Sandra McKinlay (centre) who celebrated her 25 year milestone this week, pictured with daughters Lianne (left) and Laura (right).
Sandra McKinlay (centre) who celebrated her 25 year milestone this week, pictured with daughters Lianne (left) and Laura (right).

A Tain mum who has devoted her entire life to creating floral gifts and decorations for others is celebrating a remarkable milestone of her own.

The Flower Shop, based at R&B Garden Centre on Morangie Road, is marking 750,000 orders, while celebrating a quarter of a century under florist Sandra McKinlay’s guidance.

Mrs McKinlay began her career 56 years ago helping her parents, Sandy and Agnes Macdonald, in their Stafford Street shop. As a baby and toddler she even slept in flower boxes while her parents started to build the successful business.

Sandy Macdonald and his mother Agnes Gracie outside the Tain flower shop he opened in 1963.

An estimated three quarters of a million orders later, Mrs McKinlay has been marking the special anniversary at the helm of the business.

Mrs McKinlay, now 58, took over the business in 1994 after her father died of cancer, aged 62.

During her stewardship, the business has moved three times, evolving with changes to the high street, fashion and the switch to online selling.

Today, the business employs four people and still retains the family values Mrs McKinlay advocates.
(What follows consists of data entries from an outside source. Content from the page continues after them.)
(* Let $\mathcal{X}=\mathbb{R}^d$ with the Euclidean metric, let $f:\mathcal{X}\to[0,1]$ be a labeling function, and let $H$ be a class of functions $h:\mathcal{X}\to[0,1]$, all $K$-Lipschitz continuous for some constant $K$. Let $\mu_s,\mu_t$ be probability measures on $\mathbb{R}^d$ that both satisfy the $T_1(\kappa)$ inequality. Let $X_s=\{x_i^s\}_{i=1}^{N_s}$ and $X_t=\{x_i^t\}_{i=1}^{N_t}$ be samples drawn i.i.d. from $\mu_s$ and $\mu_t$ respectively, with empirical measures $\hat\mu_s=\frac1{N_s}\sum_{i=1}^{N_s}\delta_{x_i^s}$ and $\hat\mu_t=\frac1{N_t}\sum_{i=1}^{N_t}\delta_{x_i^t}$. Let $h^*\in H$ minimize $\epsilon_s(h)+\epsilon_t(h)$ over $H$ and set $\lambda=\epsilon_s(h^* )+\epsilon_t(h^* )$. Then for any $d'>d$ and $\kappa'<\kappa$ there exists a constant $N_0$ depending on $d'$ such that for any $\delta>0$ and $\min(N_s,N_t)\ge N_0\max(\delta^{-(d'+2)},1)$, with probability at least $1-\delta$, for all $h\in H$, $$\epsilon_t(h)\le \epsilon_s(h)+2K\,W_1(\hat\mu_s,\hat\mu_t)+\lambda+2K\sqrt{2\log(1/\delta)/\kappa'}\left(\sqrt{\tfrac{1}{N_s}}+\sqrt{\tfrac{1}{N_t}}\right).$$
   Context: $\epsilon_\mu(h,h')=\mathbb{E}_{x\sim\mu}[|h(x)-h'(x)|]$, $\epsilon_s=\epsilon_{\mu_s}$, $\epsilon_t=\epsilon_{\mu_t}$, and $\epsilon_s(h)=\epsilon_s(h,f)$, $\epsilon_t(h)=\epsilon_t(h,f)$. $W_1$ is the first Wasserstein distance with respect to the Euclidean metric. A probability measure $\mu$ satisfies the transportation inequality $T_1(\kappa)$ if $W_1(\mu,\nu)\le\sqrt{\frac{2}{\kappa}\mathrm{KL}(\nu\|\mu)}$ for every probability measure $\nu$, where KL is the Kullback–Leibler divergence. *)

theory Defs
  imports "HOL-Probability.Probability"
begin

definition eps :: "'a measure \<Rightarrow> ('a \<Rightarrow> real) \<Rightarrow> ('a \<Rightarrow> real) \<Rightarrow> real" where
  "eps \<mu> h h' = (\<integral>x. \<bar>h x - h' x\<bar> \<partial>\<mu>)"

definition couplings :: "'a::metric_space measure \<Rightarrow> 'a measure \<Rightarrow> ('a \<times> 'a) measure set" where
  "couplings \<mu> \<nu> = {\<pi>. prob_space \<pi> \<and> sets \<pi> = sets (borel \<Otimes>\<^sub>M borel)
      \<and> distr \<pi> borel fst = \<mu> \<and> distr \<pi> borel snd = \<nu>}"

definition W1 :: "'a::metric_space measure \<Rightarrow> 'a measure \<Rightarrow> ennreal" where
  "W1 \<mu> \<nu> = (INF \<pi> \<in> couplings \<mu> \<nu>. \<integral>\<^sup>+ p. ennreal (dist (fst p) (snd p)) \<partial>\<pi>)"

text \<open>If KL(nu||mu) = infinity (nu not absolutely
  continuous w.r.t. mu, or log-density not nu-integrable) the inequality is vacuous,
  so only the finite-KL case is required.\<close>
definition T1_ineq :: "real \<Rightarrow> 'a::metric_space measure \<Rightarrow> bool" where
  "T1_ineq \<kappa> \<mu> \<longleftrightarrow>
     (\<forall>\<nu>. prob_space \<nu> \<and> sets \<nu> = sets \<mu> \<and> absolutely_continuous \<mu> \<nu>
        \<and> integrable \<nu> (entropy_density (exp 1) \<mu> \<nu>) \<longrightarrow>
        W1 \<mu> \<nu> \<le> ennreal (sqrt (2 / \<kappa> * KL_divergence (exp 1) \<mu> \<nu>)))"

definition emp_measure :: "nat \<Rightarrow> (nat \<Rightarrow> 'a::topological_space) \<Rightarrow> 'a measure" where
  "emp_measure n x = distr (uniform_count_measure {..<n}) borel x"

end

theory Submission
  imports Defs
begin

text \<open>Write \<open>D(g) = \<integral>g d\<mu>\<^sub>t - \<integral>g d\<mu>\<^sub>s\<close>. Since \<open>\<epsilon>\<close> is a pseudometric,
  \<open>\<epsilon>\<^sub>t(h) \<le> \<epsilon>\<^sub>s(h) + \<lambda> + D(|h - h\<^sup>*|)\<close>, and \<open>|h - h\<^sup>*|\<close> is \<open>2K\<close>-Lipschitz with values in \<open>[0,1]\<close>.
  Tilting a measure satisfying \<open>T\<^sub>1(\<kappa>)\<close> by \<open>exp(l \<phi>)\<close> and combining the transportation inequality with
  the easy direction of Kantorovich duality gives the sub-Gaussian bound
  \<open>E exp(l(\<phi> - E \<phi>)) \<le> exp(l\<^sup>2 L\<^sup>2 / 2\<kappa>)\<close> for bounded \<open>L\<close>-Lipschitz \<open>\<phi>\<close>. Tensorising over the two
  independent samples and a Chernoff bound show that \<open>D(g)\<close> exceeds its empirical counterpart, which is
  at most \<open>L\<close> times the \<open>W\<^sub>1\<close> distance of the empirical measures, by more than \<open>\<tau>\<close> with probability at most
  \<open>exp(-\<kappa> \<tau>\<^sup>2 / (2 L\<^sup>2 (1/N\<^sub>s + 1/N\<^sub>t)))\<close>. Applying this to a single near-maximiser of \<open>D\<close>
  over the class, and spending the slack between \<open>\<kappa>'\<close> and \<open>\<kappa>\<close> on the approximation error,
  gives the bound uniformly in \<open>h\<close>. The bound is dimension-free.\<close>

lemma lipschitz_on_UNIV_borel_measurable:
  fixes \<phi> :: "'a::metric_space \<Rightarrow> 'b::metric_space"
  assumes "L-lipschitz_on UNIV \<phi>" and "sets M = sets borel"
  shows "\<phi> \<in> borel_measurable M"
  unfolding measurable_cong_sets[OF assms(2) refl]
  using assms(1) by (intro borel_measurable_continuous_onI lipschitz_on_continuous_on)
Husband Alastair, a retired former school rector, is deployed as chief ‘delivery boy’, with her two daughters, when back home, assisting with social-media marketing and orders.

Speaking about her mum’s achievement, daughter Lianne MacLennan, said: “Her work is more than a passion, it is who she is.”

Describing her mother as “too modest” to speak about past, or present, achievements, she continued: “She is a grafter, gets on with things and would never see anyone stuck.

“Her focus has always been on the customers and the community. Her view is that you get out of something what you put in.

“I know her father would be proud of where she has taken the business today and as a family we are all proud of her hard work and achievements, but we can’t see her ever retiring.

“It’s been her life, really. She grew up working in the shop and literally slept in flower boxes, as have I, my sister, Laura, and my son, Mason, at various times,” she added

“Her heart is in it, which is probably the key thing. She feels privileged to be part of the community she grew up in and she’s taught my sister and I a lot of skills. She’s an inspiration.”